Time for Hydro-Tasmania to apologise instead!

However, we can now detail how it is in fact Hydro-Tasmania which has been downplaying its “essential” role in Sarawak, as described by Sarawak Energy Berhad (SEB), in its Annual Report for 2010.

That report details how SEB has engaged in a key “partnership agreement with Hydro-Tasmania”, which has provided the Sarawak dam projects with the “essential skills” needed to meet their targets under SCORE.

In a section headed “Partnership With Hydro-Tasmania” the report explains that in order to achieve the SCORE agenda, SEB needed to fill “12 critical management positions” and that it had turned to the Australian dam-builder, because those skills were not available locally.

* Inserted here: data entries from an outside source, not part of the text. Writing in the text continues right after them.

definition column_weight :: "column \<Rightarrow> nat" where
  "column_weight c = fst c + snd c"

lemma rdf_weight_columns:
  "rdf_weight (gp_vertices (length w)) (column_labelling w) = sum_list (map column_weight w)"
  by (simp add: rdf_weight_gp sum_list_sum_nth atLeast0LessThan column_weight_def
      column_labelling_def)

lemma cyclic_padding_periodic:
  assumes "2 \<le> length P"
  shows "cyclic_padding (T @ concat (replicate (Suc m) P))
    = (drop (length P - 2) P @ T) @ concat (replicate (Suc m) P) @ take 2 (T @ P)"
proof -
  have last: "T @ concat (replicate (Suc m) P) = (T @ concat (replicate m P)) @ P"
    by (simp add: replicate_append_same[symmetric])
  have "drop (length (T @ concat (replicate (Suc m) P)) - 2) (T @ concat (replicate (Suc m) P))
      = drop (length P - 2) P"
    unfolding last using assms by simp
  moreover have "take 2 (T @ concat (replicate (Suc m) P)) = take 2 (T @ P)"
    using assms by (simp add: take_append)
  ultimately show ?thesis by (simp add: cyclic_padding_def)
qed

lemma rdf_periodic:
  assumes P: "4 \<le> length P" and small: "\<forall>c\<in>set (T @ P). small_column c"
    and head: "all_windows gp2_window (drop (length P - 2) P @ T @ P)"
    and period: "all_windows gp2_window (P @ P)"
    and tail: "all_windows gp2_window (P @ take 2 (T @ P))"
  shows "is_rdf (gp_vertices (length T + Suc m * length P)) (gp_edge (length T + Suc m * length P) 2)
           (column_labelling (T @ concat (replicate (Suc m) P)))"
proof -
  let ?w = "T @ concat (replicate (Suc m) P)"
  have "cyclic_padding ?w
      = (drop (length P - 2) P @ T) @ concat (replicate (Suc m) P) @ take 2 (T @ P)"
    using P by (intro cyclic_padding_periodic) simp
  moreover have "all_windows gp2_window
      ((drop (length P - 2) P @ T) @ concat (replicate (Suc m) P) @ take 2 (T @ P))"
    using head by (intro all_windows_pump[OF P _ period tail]) simp
  ultimately have windows: "all_windows gp2_window (cyclic_padding ?w)" by simp
  have small_w: "\<forall>c\<in>set ?w. small_column c" using small by auto
  have len: "length ?w = length T + Suc m * length P"
    by (simp add: length_concat sum_list_replicate)
  then have "2 \<le> length ?w" using P by simp
  from rdf_of_columns[OF this small_w windows] show ?thesis unfolding len .
qed

lemma weight_periodic:
  "sum_list (map column_weight (T @ concat (replicate q P)))
     = sum_list (map column_weight T) + q * sum_list (map column_weight P)"
  by (induction q) auto

definition period :: "column list" where
  "period = [(0, 2), (1, 0), (0, 0), (2, 0), (0, 0), (1, 0), (0, 2)]"

definition remainder_blocks :: "column list list" where
  "remainder_blocks =
     [[],
      [(0, 2)],
      [(0, 2), (0, 0), (2, 0), (0, 1), (0, 1), (2, 0), (0, 0), (1, 0), (0, 2)],
      [(0, 2), (0, 0), (2, 0), (0, 0), (0, 2), (0, 2), (0, 0), (2, 0), (0, 0), (0, 2)],
      [(0, 2), (0, 0), (2, 0), (0, 0), (0, 2), (0, 2), (0, 0), (2, 0), (0, 0), (1, 0), (0, 2)],
      [(0, 2), (0, 0), (2, 0), (0, 0), (0, 2)],
      [(0, 2), (0, 0), (2, 0), (0, 0), (1, 0), (0, 2)]]"

(* What is needed of the remainder block for residue r: the right length, weight at most
   ceiling of 8/7 of its length, and the finite window checks (cyclic ones if it is used alone). *)
definition good_remainder :: "nat \<Rightarrow> column list \<Rightarrow> bool" where
  "good_remainder r T \<longleftrightarrow>
     (length T = r \<or> r < 5 \<and> length T = r + 7) \<and>
     7 * sum_list (map column_weight T) < 8 * length T + 7 \<and>
     list_all small_column T \<and>
     all_windows gp2_window (drop 5 period @ T @ period) \<and>
     all_windows gp2_window (period @ take 2 (T @ period)) \<and>
     (5 \<le> length T \<longrightarrow> all_windows gp2_window (cyclic_padding T))"

lemma period_facts:
  "length period = 7" "sum_list (map column_weight period) = 8" "list_all small_column period"
  "all_windows gp2_window (period @ period)"
  by (simp_all add: period_def column_weight_def small_column_def all_windows_Cons5
      all_windows_short gp2_window_def)

lemma remainder_blocks_good: "r < 7 \<Longrightarrow> good_remainder r (remainder_blocks ! r)"
  by (simp add: less_Suc_eq numeral_eq_Suc, elim disjE)
    (simp_all add: good_remainder_def remainder_blocks_def period_def column_weight_def
      small_column_def all_windows_Cons5 all_windows_short gp2_window_def cyclic_padding_def)

lemma remainder_split:
  fixes n t :: nat
  assumes n: "5 \<le> n" and t: "t = n mod 7 \<or> n mod 7 < 5 \<and> t = n mod 7 + 7"
  shows "\<exists>q. n = t + 7 * q"
proof -
  have n_split: "n = 7 * (n div 7) + n mod 7" by simp
  show ?thesis
  proof (cases "t = n mod 7")
    case True
    then show ?thesis using n_split by (intro exI[of _ "n div 7"]) simp
  next
    case False
    with t have "n mod 7 < 5" "t = n mod 7 + 7" by auto
    moreover have "n div 7 \<noteq> 0" using n \<open>n mod 7 < 5\<close> by (cases "n < 7") auto
    ultimately show ?thesis using n_split by (intro exI[of _ "n div 7 - 1"]) (simp add: algebra_simps)
  qed
qed

lemma rdf_upper_construction:
  assumes n: "5 \<le> n"
  obtains f where "is_rdf (gp_vertices n) (gp_edge n 2) f"
    and "7 * rdf_weight (gp_vertices n) f < 8 * n + 7"
proof -
  define r where "r = n mod 7"
  define T where "T = remainder_blocks ! r"
  have good: "good_remainder r T" unfolding T_def r_def by (intro remainder_blocks_good) simp
  then have lenT: "length T = r \<or> r < 5 \<and> length T = r + 7"
    and weightT: "7 * sum_list (map column_weight T) < 8 * length T + 7"
    by (simp_all add: good_remainder_def)
  obtain q where q: "n = length T + 7 * q"
    using remainder_split[OF n lenT[unfolded r_def]] by blast
  show ?thesis
  proof (cases q)
    case 0
    then have "n = length T" using q by simp
    moreover have "all_windows gp2_window (cyclic_padding T)" "\<forall>c\<in>set T. small_column c"
      using good n \<open>n = length T\<close> by (auto simp: good_remainder_def list_all_iff)
    ultimately show ?thesis
      using rdf_of_columns[of T] rdf_weight_columns[of T] weightT n
      by (intro that[of "column_labelling T"]) auto
  next
    case (Suc m)
    let ?w = "T @ concat (replicate (Suc m) period)"
    have len: "length T + Suc m * length period = n" using q Suc period_facts(1) by simp
    have "is_rdf (gp_vertices (length T + Suc m * length period))
        (gp_edge (length T + Suc m * length period) 2) (column_labelling ?w)"
      using good period_facts
      by (intro rdf_periodic) (auto simp: good_remainder_def list_all_iff)
    then have rdf: "is_rdf (gp_vertices n) (gp_edge n 2) (column_labelling ?w)"
      unfolding len .
    have "length ?w = n" using len by (simp add: length_concat sum_list_replicate)
    then have "rdf_weight (gp_vertices n) (column_labelling ?w) = sum_list (map column_weight ?w)"
      using rdf_weight_columns[of ?w] by simp
    also have "\<dots> = sum_list (map column_weight T) + Suc m * 8"
      by (simp only: weight_periodic period_facts(2))
    finally have "7 * rdf_weight (gp_vertices n) (column_labelling ?w) < 8 * n + 7"
      using weightT q Suc by simp
    with rdf show ?thesis by (rule that)
  qed
qed

lemma roman_domination_number_eqI:
  assumes "finite V" "is_rdf V E f"
    and minimal: "\<And>g. is_rdf V E g \<Longrightarrow> rdf_weight V f \<le> rdf_weight V g"
  shows "roman_domination_number V E = rdf_weight V f"
proof -
  let ?S = "{rdf_weight V g | g. is_rdf V E g}"
  have "rdf_weight V g \<le> 2 * card V" if "is_rdf V E g" for g
  proof -
    have "\<forall>u\<in>V. g u \<le> 2" using that unfolding is_rdf_def by auto
    then show ?thesis
      unfolding rdf_weight_def using sum_bounded_above[of V g 2] by simp
  qed
  then have "?S \<subseteq> {..2 * card V}" by auto
  then have "finite ?S" by (rule finite_subset) simp
  moreover have "rdf_weight V f \<in> ?S" using assms(2) by blast
  moreover have "rdf_weight V f \<le> y" if "y \<in> ?S" for y
    using that minimal by blast
  ultimately show ?thesis
    unfolding roman_domination_number_def by (intro Min_eqI)
qed

lemma nat_ceiling_divide_eqI:
  fixes a d w :: nat
  assumes "a \<le> d * w" "d * w < a + d"
  shows "nat \<lceil>real a / real d\<rceil> = w"
proof -
  have d: "0 < d" using assms by linarith
  have "\<lceil>real a / real d\<rceil> = int w"
  proof (rule ceiling_unique)
    have "real (d * w) < real (a + d)" using assms(2) by linarith
    then show "real_of_int (int w) - 1 < real a / real d"
      using d by (simp add: field_simps)
    have "real a \<le> real (d * w)" using assms(1) by linarith
    then show "real a / real d \<le> real_of_int (int w)"
      using d by (simp add: field_simps)
  qed
  then show ?thesis by simp
qed

theorem theorem2p12:
  fixes n :: nat
  assumes "n \<ge> 5"
  shows "roman_domination_number (gp_vertices n) (gp_edge n 2) = nat (ceiling (8 * real n / 7))"
proof -
  obtain f where rdf: "is_rdf (gp_vertices n) (gp_edge n 2) f"
    and light: "7 * rdf_weight (gp_vertices n) f < 8 * n + 7"
    using rdf_upper_construction[OF assms] .
  have lower: "8 * n \<le> 7 * rdf_weight (gp_vertices n) g"
    if "is_rdf (gp_vertices n) (gp_edge n 2) g" for g
    using rdf_weight_lower_bound[OF _ that] assms by simp
  have minimal: "rdf_weight (gp_vertices n) f \<le> rdf_weight (gp_vertices n) g"
    if "is_rdf (gp_vertices n) (gp_edge n 2) g" for g
    using lower[OF that] light by linarith
  have "finite (gp_vertices n)" by (simp add: gp_vertices_def)
  then have "roman_domination_number (gp_vertices n) (gp_edge n 2) = rdf_weight (gp_vertices n) f"
    using rdf minimal by (rule roman_domination_number_eqI)
  also have "\<dots> = nat \<lceil>real (8 * n) / real 7\<rceil>"
    using lower[OF rdf] light by (intro nat_ceiling_divide_eqI[symmetric]) simp_all
  finally show ?thesis by simp
qed

end
theorem lemma6:
  fixes n1 n2 :: nat and \<tau> :: real
  assumes "n1 \<ge> 2" and "n2 \<ge> 2" and "\<tau> \<noteq> 0"
  defines "N' \<equiv> (n1 + 1) * n2"
  defines "Q \<equiv> kac2 (n1 + 1) n2 0 \<tau>"
  shows
    "(even n2 \<longrightarrow>
       (\<forall>s::nat. s \<ge> 1 \<longrightarrow> lin_indep_list N' (map (\<lambda>k. e1Q Q (s + k)) [0..<N'])))
     \<and>
     (odd n2 \<longrightarrow> (\<forall>s::nat. s \<ge> N' \<longrightarrow>
       (let \<Lambda> = map (\<lambda>k. e1Q Q k) [2..<N'];
            M = mat_of_rows N' (\<Lambda> @ [e1Q Q s]);
            C = (\<lambda>j::nat. col M (j - 1))
        in lin_indep_list N' \<Lambda>
           \<and> \<not> lin_indep_list N' (\<Lambda> @ [e1Q Q s])
           \<and> in_span_list (N' - 1) (C 1) (map (\<lambda>k. C (2 * k + 1)) [1..<(n2 - 1) div 2 + 1])
           \<and> in_span_list (N' - 1) (C (n2 + 1))
               (map (\<lambda>k. C (n2 + 1 + 2 * k)) [1..<(n2 - 1) div 2 + 1]))))"
proof -
  have m: "1 < n1 + 1" and n: "0 < n2"
    using assms(1,2) by simp_all
  have "3 * 2 \<le> N'"
    unfolding N'_def using assms(1,2) by (intro mult_le_mono) simp_all
  then have L: "2 + (N' - 2) = N'"
    by simp
  have "lin_indep_list N' (map (e1Q Q) [s..<s + N'])" if "even n2" for s
    using lin_indep_list_kac2_pows[of n2 "n1 + 1" \<tau> N' s] that n assms(3) unfolding N'_def Q_def by simp
  moreover have "map (\<lambda>k. e1Q Q (s + k)) [0..<N'] = map (e1Q Q) [s..<s + N']" for s
    by (rule nth_equalityI) auto
  moreover have "lin_indep_list N' (map (e1Q Q) [2..<N'])"
    using lin_indep_list_kac2_pows[of n2 "n1 + 1" \<tau> "N' - 2" 2, unfolded L] n assms(3)
    unfolding N'_def Q_def by simp
  moreover note kac2_pows_odd_case[where y = \<tau> and n = n2 and m = "n1 + 1", OF _ m]
  ultimately show ?thesis
    unfolding Let_def N'_def Q_def by simp
qed

end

In addition the report says there is an agreement for Hydro-Tasmania to provide no less than 120 managers under a secondment programme which was due to be implemented in 2011. Seven of these were already in place at the time of the writing of the report and a further “20-30 additional support staff were envisaged over time”.

Read the full report, with full links, Sarawak Report here

Pic: Hydro chairman, former Tasmanian Treasurer, Dr David Crean. All board members, Hydro website, here

• Kevin Kiernan, in Comments: I started to get concerned about the Hydro’s likely next move back just after the Franklin dam days when it’s growing involvements in Laos and elsewhere suggested it was going to turn instead to becoming an exporter of environmental terrorism. Out of sight and out of mind mostly, but now increasingly evident for all to see from its involvements in Sarawak with Taib et al. Still, since its only non-white foreigners who are getting driven out of their homes by Taib’s thugs why should we worry about that, especially when we get the benefit of Ta An moving into Tasmania in exchange? And when all it will really cost us (apart from another nail in the coffin of any remnant scrap of “our” country’s international ethics reputation) will be the minor economic, employment and social consequences entailed here when our aging Bell Bay smelter closes down shortly in favour of moving to the Hydro’s newer dams in Sarawak. Ah, everything is back to normal again – the Hydro giveth and the Hydro taketh away. Blessed be the name of the Hydro. Now that’s a Tasmanian outfit that really knows how to work on our behalf. Maybe we should also reward John Gay and Robin Gray for all their hard work for us over the years by installing them as Directors of the Hydro too. Perhaps even change its logo to a ghostly image of former Gunns head Sir Edmund Rouse looking down on Tasmania through penstock-like prison bars.